Enlarge /. One of the helpful study participants.
Noah Whiteman (University of California, Berkeley)
The expression "every color of the rainbow" is not quite as comprehensive as it sounds. On the one hand, the color chips in the color range of your hardware store contain some colors that you can hardly point out in a real rainbow. But even on a less hair-splitting level, purple is missing from this rainbow.
The "V" in "ROYGBIV" stands for violet, but it's actually not the same as purple. There is no purple light wavelength – a mix of red and blue wavelengths is required. That makes it a "non-spectral color" – in fact, it is the only non-spectral color that people see. It requires our brains to interpret signals from red and blue sensitive cones in our eyes and view them as a separate color.
While humans have three types of cones (which makes us "trichromatic"), many creatures have four that expand their visible spectrum to ultraviolet (UV) wavelengths. Theoretically, this means that they may be able to see additional non-spectral colors that we humans can hardly imagine: UV radiation mixed with red, yellow, green or purple. So … are they doing this?
More than just UV
Some research has been done on bees to show that they see UV + green as their own color (called "bee purple"), but beyond that there is not much experimental evidence. A team led by Princeton Mary Stoddard decided to test the idea by exploiting the hummingbirds' love for sugar-water feeders.
The researchers worked several summers in Colorado and set up two feeders for their experiments – one with this delicious sugar water and one with boring old water. Above it was a special LED light with UV, blue, red and green LEDs behind a diffuser, with which the researchers were able to illuminate the feeder in various non-spectral colors.
The researchers watched as wild, broad-tailed hummingbirds came to visit and recorded which feeder they had flown to first. After a set number of visits, the feed positions were switched so that the birds could not simply return to the same place once they found the sweet stuff. The idea was that they would use the color of the light to identify the feeder on return visits. They could not track individual birds separately, but due to some streaking, they estimated the local population to be 200 to 300 (depending on the year). In total, they recorded over 6,000 hummingbird visits.
Different color pairs were combined in the experiments.
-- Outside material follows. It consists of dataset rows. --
(* Let $G$ be a finite solvable group such that every maximal subgroup of $G$ is either $2$-nilpotent or has prime index in $G$. Then ${\bf O}_{2',2,2',2}(G)=G$.
   Context: All groups are finite. A group is $2$-nilpotent if it has a normal Hall $2'$-subgroup. A maximal subgroup means a maximal proper subgroup. For a prime $p$, ${\bf O}_{p'}(G)$ is the largest normal $p'$-subgroup and ${\bf O}_p(G)$ the largest normal $p$-subgroup of $G$; the upper $p'p$-series is defined recursively: ${\bf O}_{p',p}(G)$ is the full preimage in $G$ of ${\bf O}_p(G/{\bf O}_{p'}(G))$, ${\bf O}_{p',p,p'}(G)$ is the full preimage of ${\bf O}_{p'}(G/{\bf O}_{p',p}(G))$, ${\bf O}_{p',p,p',p}(G)$ the full preimage of ${\bf O}_p(G/{\bf O}_{p',p,p'}(G))$, and so on. Here $p=2$. *)

theory Defs
  imports "HOL-Algebra.Algebra"
begin

definition is_p_set :: "nat \<Rightarrow> 'a set \<Rightarrow> bool" where
  "is_p_set p H \<longleftrightarrow> (\<exists>n. card H = p ^ n)"

definition is_p'_set :: "nat \<Rightarrow> 'a set \<Rightarrow> bool" where
  "is_p'_set p H \<longleftrightarrow> \<not> p dvd card H"

definition O_p :: "nat \<Rightarrow> ('a, 'b) monoid_scheme \<Rightarrow> 'a set" where
  "O_p p G = (THE H. H \<lhd> G \<and> is_p_set p H \<and>
                (\<forall>K. K \<lhd> G \<and> is_p_set p K \<longrightarrow> K \<subseteq> H))"

definition O_p' :: "nat \<Rightarrow> ('a, 'b) monoid_scheme \<Rightarrow> 'a set" where
  "O_p' p G = (THE H. H \<lhd> G \<and> is_p'_set p H \<and>
                (\<forall>K. K \<lhd> G \<and> is_p'_set p K \<longrightarrow> K \<subseteq> H))"

text \<open>Upper p'p-series: full preimages (unions of cosets) of O_p / O_{p'} of quotients.\<close>
definition O_p'p :: "nat \<Rightarrow> ('a, 'b) monoid_scheme \<Rightarrow> 'a set" where
  "O_p'p p G = \<Union> (O_p p (G Mod (O_p' p G)))"

definition O_p'pp' :: "nat \<Rightarrow> ('a, 'b) monoid_scheme \<Rightarrow> 'a set" where
  "O_p'pp' p G = \<Union> (O_p' p (G Mod (O_p'p p G)))"
text \<open>Flipping a signal profile outside \<open>U\<close> leaves both outcomes and the likelihood of the
  signals in \<open>U\<close> unchanged and swaps the likelihoods of the remaining signals under the two
  states.\<close>

lemma P_correct_le_of_pointwise:
  assumes U: "U \<subseteq> {..<N}" and qr: "0 \<le> q" "q \<le> 1" "0 \<le> r" "r \<le> 1"
    and \<sigma>: "\<And>i. i < N \<Longrightarrow> \<sigma> i = Sincere \<Longrightarrow> i \<in> U"
    and \<tau>: "\<And>i. i < N \<Longrightarrow> \<tau> i = Sincere \<Longrightarrow> i \<in> U"
    and pointwise: "\<And>s. 0 \<le> (win_prob N \<sigma> s True - win_prob N \<tau> s True)
                        * (signal_lik q r e U s True - signal_lik q r e U s False)"
  shows "P_correct N q r e \<tau> \<le> P_correct N q r e \<sigma>"
proof -
  define PS where "PS = {..<N} \<rightarrow>\<^sub>E (UNIV :: bool set)"
  define g where "g \<rho> s = win_prob N \<rho> s True" for \<rho> s
  define A where "A = signal_lik q r e U"
  define B where "B = signal_lik q r e ({..<N} - U)"
  define F where "F s = (signal_lik q r e {..<N} s True - signal_lik q r e {..<N} s False)
                       * (g \<sigma> s - g \<tau> s)" for s
  define h where "h s i = (if i < N \<and> i \<notin> U then \<not> s i else s i)" for s i
  have "P_correct N q r e \<sigma> - P_correct N q r e \<tau> = 1/2 * sum F PS"
    unfolding P_correct_eq PS_def F_def g_def
    by (simp add: sum_subtractf[symmetric] right_diff_distrib[symmetric] algebra_simps)
  moreover have "0 \<le> sum F PS"
  proof (rule sum_nonneg_involution[of PS h])
    show "finite PS" by (simp add: PS_def finite_PiE)
    show "h s \<in> PS" if "s \<in> PS" for s
      using that by (auto simp: PS_def h_def PiE_iff extensional_def)
    show "h (h s) = s" for s by (simp add: h_def fun_eq_iff)
    fix s
    have split: "signal_lik q r e {..<N} s' w = B s' w * A s' w" for s' w
      unfolding A_def B_def signal_lik_def by (rule prod.subset_diff[OF U]) simp
    have "A (h s) w = A s w" for w
      unfolding A_def signal_lik_def h_def by (intro prod.cong) auto
    moreover have "B (h s) w = B s (\<not> w)" for w
      unfolding B_def signal_lik_def h_def by (intro prod.cong) auto
    moreover have "g \<sigma> (h s) = g \<sigma> s" "g \<tau> (h s) = g \<tau> s"
      unfolding g_def by (intro win_prob_cong; simp add: h_def \<sigma> \<tau>)+
    moreover have "0 \<le> B s True + B s False"
      unfolding B_def signal_lik_def using qr
      by (intro add_nonneg_nonneg prod_nonneg) (auto simp: prec_def)
    ultimately have "F s + F (h s) = ((g \<sigma> s - g \<tau> s) * (A s True - A s False)) * (B s True + B s False)"
      unfolding F_def split by (simp add: algebra_simps)
    also have "\<dots> \<ge> 0"
      using pointwise \<open>0 \<le> B s True + B s False\<close> unfolding g_def A_def by simp
    finally show "0 \<le> F s + F (h s)" .
  qed
  ultimately show ?thesis by simp
qed

definition log_odds :: "real \<Rightarrow> real" where
  "log_odds p = ln p - ln (1 - p)"

lemma log_odds_less:
  assumes "0 < p" "p < p'" "p' < 1"
  shows "log_odds p < log_odds p'"
proof -
  have "ln p < ln p'" "ln (1 - p') < ln (1 - p)"
    using assms by simp_all
  then show ?thesis by (simp add: log_odds_def)
qed

lemma log_odds_pos: "1/2 < p \<Longrightarrow> p < 1 \<Longrightarrow> 0 < log_odds p"
  by (simp add: log_odds_def)
(* Let $f:\mathbb{R}^n\times\mathbb{R}^m\to\mathbb{R}^n$ be a polynomial map and let $\boldsymbol\psi:\mathbb{R}^n\to\mathbb{R}^m$ be a ReLU neural network $\boldsymbol\psi(x) = W_N\rho(W_{N-1}\cdots\rho(W_2\rho(W_1x+b_1)+b_2)\cdots+b_{N-1})+b_N$, where $\rho(z)=\max(z,0)$ is applied componentwise, modeled semialgebraically as follows: the lifting variable is $\lambda=(\lambda_1,\dots,\lambda_{N-1})$ (the outputs of the hidden layers), and the constraints $g(x,u,\lambda)\ge0$, $h(x,u,\lambda)=0$ consist of, with $z_1 = W_1x+b_1$ and $z_i = W_i\lambda_{i-1}+b_i$ for $2\le i\le N-1$: $\lambda_i\ge z_i$, $\lambda_i\ge 0$, $\lambda_i\odot(\lambda_i - z_i)=0$ for $i=1,\dots,N-1$ (componentwise, $\odot$ the componentwise product), and $u = W_N\lambda_{N-1}+b_N$. Then the function $x\mapsto \inf\{\|u\|_2+\|\lambda\|_2 \mid g(x,u,\lambda)\ge0,\ h(x,u,\lambda)=0\}$ is bounded on some neighborhood of the origin. Moreover, with \[ \mathbf{K} = \{(x,u,\lambda,x^+,u^+,\lambda^+) \mid x^+ = f(x,u),\ g(x,u,\lambda)\ge 0,\ h(x,u,\lambda)=0,\ g(x^+,u^+,\lambda^+)\ge 0,\ h(x^+,u^+,\lambda^+)=0\}, \] if a continuous function $V$ of $(x,u,\lambda)$ satisfies $V(x^+,u^+,\lambda^+) - V(x,u,\lambda)\le -\|x\|_2^2$ and $V(x,u,\lambda)\ge 0$ for all $(x,u,\lambda,x^+,u^+,\lambda^+)\in\mathbf{K}$, then the closed-loop system $x_{k+1}=f(x_k,\boldsymbol\psi(x_k))$ is globally asymptotically stable.
   Context: The closed-loop system is globally asymptotically stable if (i) for all initial conditions $x_0$, $\lim_{k\to\infty}x_k=0$, and (ii) for every $\epsilon>0$ there exists $\delta>0$ such that $\|x_0\|_2\le\delta$ implies $\|x_k\|_2\le\epsilon$ for all $k$. *)

theory Defs
  imports "HOL-Analysis.Analysis"
begin
text \<open>A woman inherits the value of her M2-partner; along an M1-edge (a, w) that partner
  has a as successor.\<close>
lemma prefers_M2_constant:
  assumes "Inl u \<in> C" "Inl u' \<in> C"
  shows "prefers_M2 u \<longleftrightarrow> prefers_M2 u'"
proof -
  define Q where "Q = case_sum prefers_M2 (\<lambda>w. \<exists>u. (u, w) \<in> M2 \<and> prefers_M2 u)"
  have Q_woman: "Q (Inr w) = prefers_M2 u" if "(u, w) \<in> M2" for u w
    using that M2_woman_unique by (auto simp: Q_def)
  have edge: "Q (Inl a) = Q (Inr w)"
    if w: "Inr w \<in> C" and aw: "(a, w) \<in> M1 - M2 \<union> (M2 - M1)" for a w
  proof (cases "(a, w) \<in> M2")
    case True
    then show ?thesis using Q_woman by (simp add: Q_def)
  next
    case False
    obtain c where c: "(c, w) \<in> M2 - M1" using cycle_woman_M2_edge[OF w] by blast
    then have "Inl c \<in> C" using cycle_closed[OF w] by (auto simp: dg_adj_Inr)
    moreover have "successor c = a" using c aw False successor_eq by blast
    ultimately show ?thesis using prefers_M2_successor_iff c Q_woman by (auto simp: Q_def)
  qed
  obtain v where v: "v \<in> dg_vertices U W2" "C = dg_component U W2 M1 M2 v"
    by (rule cycle_component)
  have "Q x = Q y" if "x \<in> C" "dg_adj M1 M2 x y" for x y
    using that cycle_closed[OF that] edge by (auto simp: dg_adj_def)
  then have "Q x = Q v" if "x \<in> C" for x
    using dg_component_invariant[OF M1_subset M2_subset v(1)] v(2) that by blast
  from this[OF assms(1)] this[OF assms(2)] show ?thesis by (simp add: Q_def)
qed

lemma typeI_if_prefers_M2:
  assumes "\<And>u. Inl u \<in> C \<Longrightarrow> prefers_M2 u"
  shows "typeI_cycle prefM prefW U W2 M1 M2 C"
proof -
  have "prefW w u' u" if w: "Inr w \<in> C" "(u', w) \<in> M1" "(u, w) \<in> M2" for w u u'
  proof -
    note partners = cycle_woman_partners[OF w]
    obtain a where a: "(u, a) \<in> M1" using cycle_man_M1_edge partners(2) by blast
    then have "prefM u w a" using assms partners(2) w(3) by (simp add: prefers_M2_def)
    then have "\<not> prefW w u u'" using no_mutual_preference1 a w(2) by blast
    then show ?thesis using prefW_connex w(2,3) partners(1) by blast
  qed
  then show ?thesis using assms cycle by (auto simp: typeI_cycle_def prefers_M2_def)
qed

lemma typeII_if_not_prefers_M2:
  assumes "\<And>u. Inl u \<in> C \<Longrightarrow> \<not> prefers_M2 u"
  shows "typeII_cycle prefM prefW U W2 M1 M2 C"
proof -
  have men: "prefM u w' w" if u: "Inl u \<in> C" "(u, w) \<in> M2" "(u, w') \<in> M1" for u w w'
  proof -
    have "\<not> prefM u w w'"
      using assms[OF u(1)] u(2,3) M1_man_unique M2_man_unique
      unfolding prefers_M2_def by metis
    moreover have "w \<noteq> w'"
      using cycle_man_M2_edge[OF u(1)] u(2,3) M2_man_unique by blast
    ultimately show ?thesis using prefM_connex u(2,3) by blast
  qed
  have "prefW w u u'" if w: "Inr w \<in> C" "(u', w) \<in> M1" "(u, w) \<in> M2" for w u u'
  proof -
    note partners = cycle_woman_partners[OF w]
    obtain c where c: "(u', c) \<in> M2" using cycle_man_M2_edge partners(3) by blast
    then have "\<not> prefW w u' u" using no_mutual_preference2 men partners(3) w(2,3) by blast
    then show ?thesis using prefW_connex w(2,3) partners(1) by blast
  qed
  with men show ?thesis using cycle by (auto simp: typeII_cycle_def)
qed

lemma typeI_or_typeII:
  "typeI_cycle prefM prefW U W2 M1 M2 C \<or> typeII_cycle prefM prefW U W2 M1 M2 C"
  using typeI_if_prefers_M2 typeII_if_not_prefers_M2 prefers_M2_constant by blast

end

context two_stable_matchings
begin

lemma cycle_typeI_or_typeII:
  assumes "dg_cycle U W2 M1 M2 C"
  shows "typeI_cycle prefM prefW U W2 M1 M2 C \<or> typeII_cycle prefM prefW U W2 M1 M2 C"
proof -
  interpret difference_cycle U W1 W2 prefM prefW M1 M2 C
    using assms by unfold_locales
  show ?thesis by (rule typeI_or_typeII)
qed

lemma M2_prime_men_dominates: "men_dominates prefM U (M2_prime prefM prefW U W2 M1 M2) M2"
  unfolding men_dominates_def
proof (intro ballI allI impI)
  fix u w' assume "u \<in> U" and uw': "(u, w') \<in> M2"
  define C where "C = dg_component U W2 M1 M2 (Inl u)"
  have "Inl u \<in> dg_vertices U W2" using \<open>u \<in> U\<close> by (simp add: dg_vertices_def)
  then have C: "C \<in> dg_components U W2 M1 M2" "Inl u \<in> C"
    by (simp_all add: C_def dg_components_def dg_component_def)
  consider "(u, w') \<in> M1" | "dg_path U W2 M1 M2 C"
    | "typeI_cycle prefM prefW U W2 M1 M2 C" | "typeII_cycle prefM prefW U W2 M1 M2 C"
    using C(1) cycle_typeI_or_typeII by (auto simp: dg_path_def)
  then show "\<exists>w. (u, w) \<in> M2_prime prefM prefW U W2 M1 M2 \<and> (w = w' \<or> prefM u w w')"
  proof cases
    case 4
    then have "card {y. dg_adj M1 M2 (Inl u) y} = 2"
      using C(2) by (simp add: typeII_cycle_def dg_cycle_def)
    then obtain a where "(u, a) \<in> M1 - M2" using dg_degree_two_man[OF matching2] by blast
    then show ?thesis using 4 C(2) uw' by (auto simp: M2_prime_def typeII_cycle_def)
  qed (use C(2) uw' in \<open>auto simp: M2_prime_def\<close>)
qed

end

theorem mainTheorem6:
  fixes U :: "'m set" and W1 W2 :: "'w set"
    and prefM :: "'m \<Rightarrow> 'w \<Rightarrow> 'w \<Rightarrow> bool" and prefW :: "'w \<Rightarrow> 'm \<Rightarrow> 'm \<Rightarrow> bool"
    and M1' M2 :: "('m \<times> 'w) set"
  assumes "finite U" and "finite W2" and "W1 \<subseteq> W2"
    and "card W1 \<le> card W2" and "card W2 = card U"
    and "\<forall>u\<in>U. strict_total_on W2 (prefM u)"
    and "\<forall>w\<in>W2. strict_total_on U (prefW w)"
    and "stable_matching prefM prefW U W1 M1'"
    and "stable_matching prefM prefW U W2 M2"
  shows "men_dominates prefM U (M2_prime prefM prefW U W2 M1' M2) M2"
proof -
  interpret two_stable_matchings U W1 W2 prefM prefW M1' M2
    using assms by unfold_locales
  show ?thesis by (rule M2_prime_men_dominates)
qed

end
lemma square_exp_neg_diff_bounds:
  fixes a b :: real
  assumes "0 \<le> a" "a \<le> 1/2" "0 \<le> b" "b \<le> 1/2"
  shows "(a - b)^2 / 4 \<le> (exp (-a) - exp (-b))^2" and "(exp (-a) - exp (-b))^2 \<le> (a - b)^2"
proof -
  have "\<bar>a - b\<bar> / 2 \<le> \<bar>exp (-a) - exp (-b)\<bar> \<and> \<bar>exp (-a) - exp (-b)\<bar> \<le> \<bar>a - b\<bar>"
  proof (cases "a \<le> b")
    case True
    then show ?thesis
      using exp_neg_diff_bounds[of a b] assms by auto
  next
    case False
    then show ?thesis
      using exp_neg_diff_bounds[of b a] assms by auto
  qed
  then have "(\<bar>a - b\<bar> / 2)^2 \<le> \<bar>exp (-a) - exp (-b)\<bar>^2" "\<bar>exp (-a) - exp (-b)\<bar>^2 \<le> \<bar>a - b\<bar>^2"
    by (intro power_mono; simp)+
  then show "(a - b)^2 / 4 \<le> (exp (-a) - exp (-b))^2" "(exp (-a) - exp (-b))^2 \<le> (a - b)^2"
    by (simp_all add: power_divide)
qed

lemma dKL_bernoulli_pmf_exp_bounds:
  fixes a b c C :: real
  assumes c: "0 < c" and a: "c \<le> a" "a \<le> C" and b: "c \<le> b" "b \<le> C" and C: "C \<le> 1/2"
  defines "p \<equiv> 1 - exp (-a)" and "q \<equiv> 1 - exp (-b)"
  shows "(a - b)^2 / (8 * C) \<le> dKL (bernoulli_pmf p) (bernoulli_pmf q)"
    and "dKL (bernoulli_pmf p) (bernoulli_pmf q) \<le> 4 * (a - b)^2 / c"
proof -
  have "a / 2 \<le> p" "p \<le> a" "b / 2 \<le> q" "q \<le> b"
    using exp_neg_diff_bounds[of 0 a] exp_neg_diff_bounds[of 0 b] a b c C by (auto simp: p_def q_def)
  moreover have "1/2 \<le> 1 - q"
    using exp_ge_add_one_self[of "-b"] b C by (simp add: q_def)
  moreover have "(a - b)^2 / 4 \<le> (p - q)^2" "(p - q)^2 \<le> (a - b)^2"
    using square_exp_neg_diff_bounds[of b a] a b c C by (auto simp: p_def q_def power2_commute)
  ultimately have p: "0 < p" "p < 1" "p \<le> C" and q: "0 < q" "q < 1" "q \<le> C" "c / 4 \<le> q * (1 - q)"
    and sq: "(a - b)^2 / 4 \<le> (p - q)^2" "(p - q)^2 \<le> (a - b)^2"
    using a b c C mult_mono[of "c / 2" q "1/2" "1 - q"] by auto
  have "(a - b)^2 / (8 * C) = ((a - b)^2 / 4) / (2 * C)"
    by simp
  also have "\<dots> \<le> (p - q)^2 / (2 * C)"
    using sq a c by (intro divide_right_mono) auto
  also have "\<dots> \<le> dKL (bernoulli_pmf p) (bernoulli_pmf q)"
    using p q by (intro dKL_bernoulli_pmf_ge) auto
  finally show "(a - b)^2 / (8 * C) \<le> dKL (bernoulli_pmf p) (bernoulli_pmf q)" .
  have "dKL (bernoulli_pmf p) (bernoulli_pmf q) \<le> (p - q)^2 / (q * (1 - q))"
    using p q by (intro dKL_bernoulli_pmf_le) auto
  also have "\<dots> \<le> (a - b)^2 / (c / 4)"
    using sq q c by (intro frac_le) auto
  finally show "dKL (bernoulli_pmf p) (bernoulli_pmf q) \<le> 4 * (a - b)^2 / c"
    by (simp add: mult.commute)
qed

lemma bern_prod_eq_Pi_pmf:
  "bern_prod n m L = Pi_pmf ({..<n} \<times> {..<m}) False (\<lambda>a. bernoulli_pmf (1 - exp (- (L $$ a))))"
  unfolding bern_prod_def by (intro Pi_pmf_cong) auto

lemma dKL_bern_prod:
  assumes "\<And>i j. i < n \<Longrightarrow> j < m \<Longrightarrow> 0 < L' $$ (i, j)"
  shows "dKL (bern_prod n m L) (bern_prod n m L') =
    (\<Sum>a\<in>{..<n} \<times> {..<m}. dKL (bernoulli_pmf (1 - exp (- (L $$ a)))) (bernoulli_pmf (1 - exp (- (L' $$ a)))))"
  unfolding bern_prod_eq_Pi_pmf using assms by (intro dKL_Pi_pmf) auto

lemma frobenius_norm_diff_power2:
  assumes "L \<in> carrier_mat n m" "L' \<in> carrier_mat n m"
  shows "(frobenius_norm (L - L'))^2 = (\<Sum>a\<in>{..<n} \<times> {..<m}. (L $$ a - L' $$ a)^2)"
proof -
  have "(frobenius_norm (L - L'))^2 = (\<Sum>i<n. \<Sum>j<m. ((L - L') $$ (i, j))^2)"
    unfolding frobenius_norm_def using assms by (simp add: sum_nonneg)
  also have "\<dots> = (\<Sum>a\<in>{..<n} \<times> {..<m}. (L $$ a - L' $$ a)^2)"
    using assms by (simp add: sum.cartesian_product case_prod_beta)
  finally show ?thesis .
qed

theorem theoremL6:
  fixes c0 C0 :: real
  assumes "0 < c0" and "c0 < C0"
  shows "\<exists>CL CU :: real. 0 < CL \<and> 0 < CU \<and>
    (\<forall>(lbar::real) (K::nat) (n::nat) (m::nat) L L'.
       0 < lbar \<longrightarrow> C0 * lbar \<le> 1/2 \<longrightarrow> 1 \<le> K \<longrightarrow>
       L \<in> lowrank_class n m K c0 C0 lbar \<longrightarrow> L' \<in> lowrank_class n m K c0 C0 lbar \<longrightarrow>
       CL / lbar * (frobenius_norm (L - L'))\<^sup>2 \<le> dKL (bern_prod n m L) (bern_prod n m L') \<and>
       dKL (bern_prod n m L) (bern_prod n m L') \<le> CU / lbar * (frobenius_norm (L - L'))\<^sup>2)"
proof (intro exI conjI allI impI)
  show "0 < 1 / (8 * C0)" "0 < 4 / c0"
    using assms by auto
  fix lbar :: real and K n m :: nat and L L' :: "real mat"
  assume lbar: "0 < lbar" "C0 * lbar \<le> 1/2"
    and "L \<in> lowrank_class n m K c0 C0 lbar" "L' \<in> lowrank_class n m K c0 C0 lbar"
  then have carrier: "L \<in> carrier_mat n m" "L' \<in> carrier_mat n m"
    and entries: "\<And>a. a \<in> {..<n} \<times> {..<m} \<Longrightarrow>
      c0 * lbar \<le> L $$ a \<and> L $$ a \<le> C0 * lbar \<and> c0 * lbar \<le> L' $$ a \<and> L' $$ a \<le> C0 * lbar"
    by (auto simp: lowrank_class_def)
  have "0 < c0 * lbar"
    using assms lbar by simp
  note entry_bounds = dKL_bernoulli_pmf_exp_bounds[OF this _ _ _ _ lbar(2)]
  have dKL_sum: "dKL (bern_prod n m L) (bern_prod n m L') =
    (\<Sum>a\<in>{..<n} \<times> {..<m}. dKL (bernoulli_pmf (1 - exp (- (L $$ a)))) (bernoulli_pmf (1 - exp (- (L' $$ a)))))"
    using entries \<open>0 < c0 * lbar\<close> by (intro dKL_bern_prod) force
  show "1 / (8 * C0) / lbar * (frobenius_norm (L - L'))\<^sup>2 \<le> dKL (bern_prod n m L) (bern_prod n m L')"
    unfolding dKL_sum frobenius_norm_diff_power2[OF carrier] sum_distrib_left
    using entry_bounds(1) entries by (intro sum_mono) (simp add: field_simps)
  show "dKL (bern_prod n m L) (bern_prod n m L') \<le> 4 / c0 / lbar * (frobenius_norm (L - L'))\<^sup>2"
    unfolding dKL_sum frobenius_norm_diff_power2[OF carrier] sum_distrib_left
    using entry_bounds(2) entries by (intro sum_mono) (simp add: field_simps)
qed

end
There were some control runs in which both lights showed exactly the same color, and some experiments in which red against green was tested. From then on, the differences became more subtle and depended on the distinction between non-spectral colors. Most were different UV blends and a different color – in the same way that we could distinguish between a reddish purple and a bluish purple.
Extra color
The tests showed that the birds could see any non-spectral color that the researchers threw at them. Color pairs that were closer in shade led to more missed visits, but exceeded the 50/50 quotas of the control experiments.
Enlarge /. Results for each color pair experiment, including the four controls where both colors were the same (bottom). The blue-gray shading of the data indicates how far the two colors were apart in terms of the color space.
As an additional plausibility check, the researchers scanned databases with precisely measured colors that occur in plants and birds. These non-spectral colors are widespread in nature and account for 30 percent of the plumage colors of birds and 35 percent of the plant colors in the databases. So it would make sense that hummingbirds (and other birds) can see these colors in their environment.
And the researchers believe that this study can be generalized beyond the only broad-tailed hummingbirds that volunteered for it. Many things are poorly understood about the physiology of vision in bird species, let alone the neuronal processing of signals from these color cones in the eye, but what we do know suggests that hummingbirds are likely to be representative. "Although these experiments were done with hummingbirds," the team writes, "our results are likely to be relevant to all diurnal, tetrachromatic birds, and likely to many fish, reptiles, and invertebrates."
But you also notice that it is difficult to get into the tiny little heads of these animals and understand what the experience is like. "Even if the neural mechanisms for color vision were clear, and even if color mixing experiments confirmed the tetrachromy of birds," they write, "we still could not answer the more philosophical question of how non-spectral colors really look for birds." Does UV + Green appear to birds as a mixture of these colors (analogous to a double-stop chord played by a violinist) or as a sublime new color (analogous to a completely new tone in contrast to its components)? We cannot say that. "
PNAS, 2020. DOI: 10.1073 / pnas.1919377117 (About DOIs).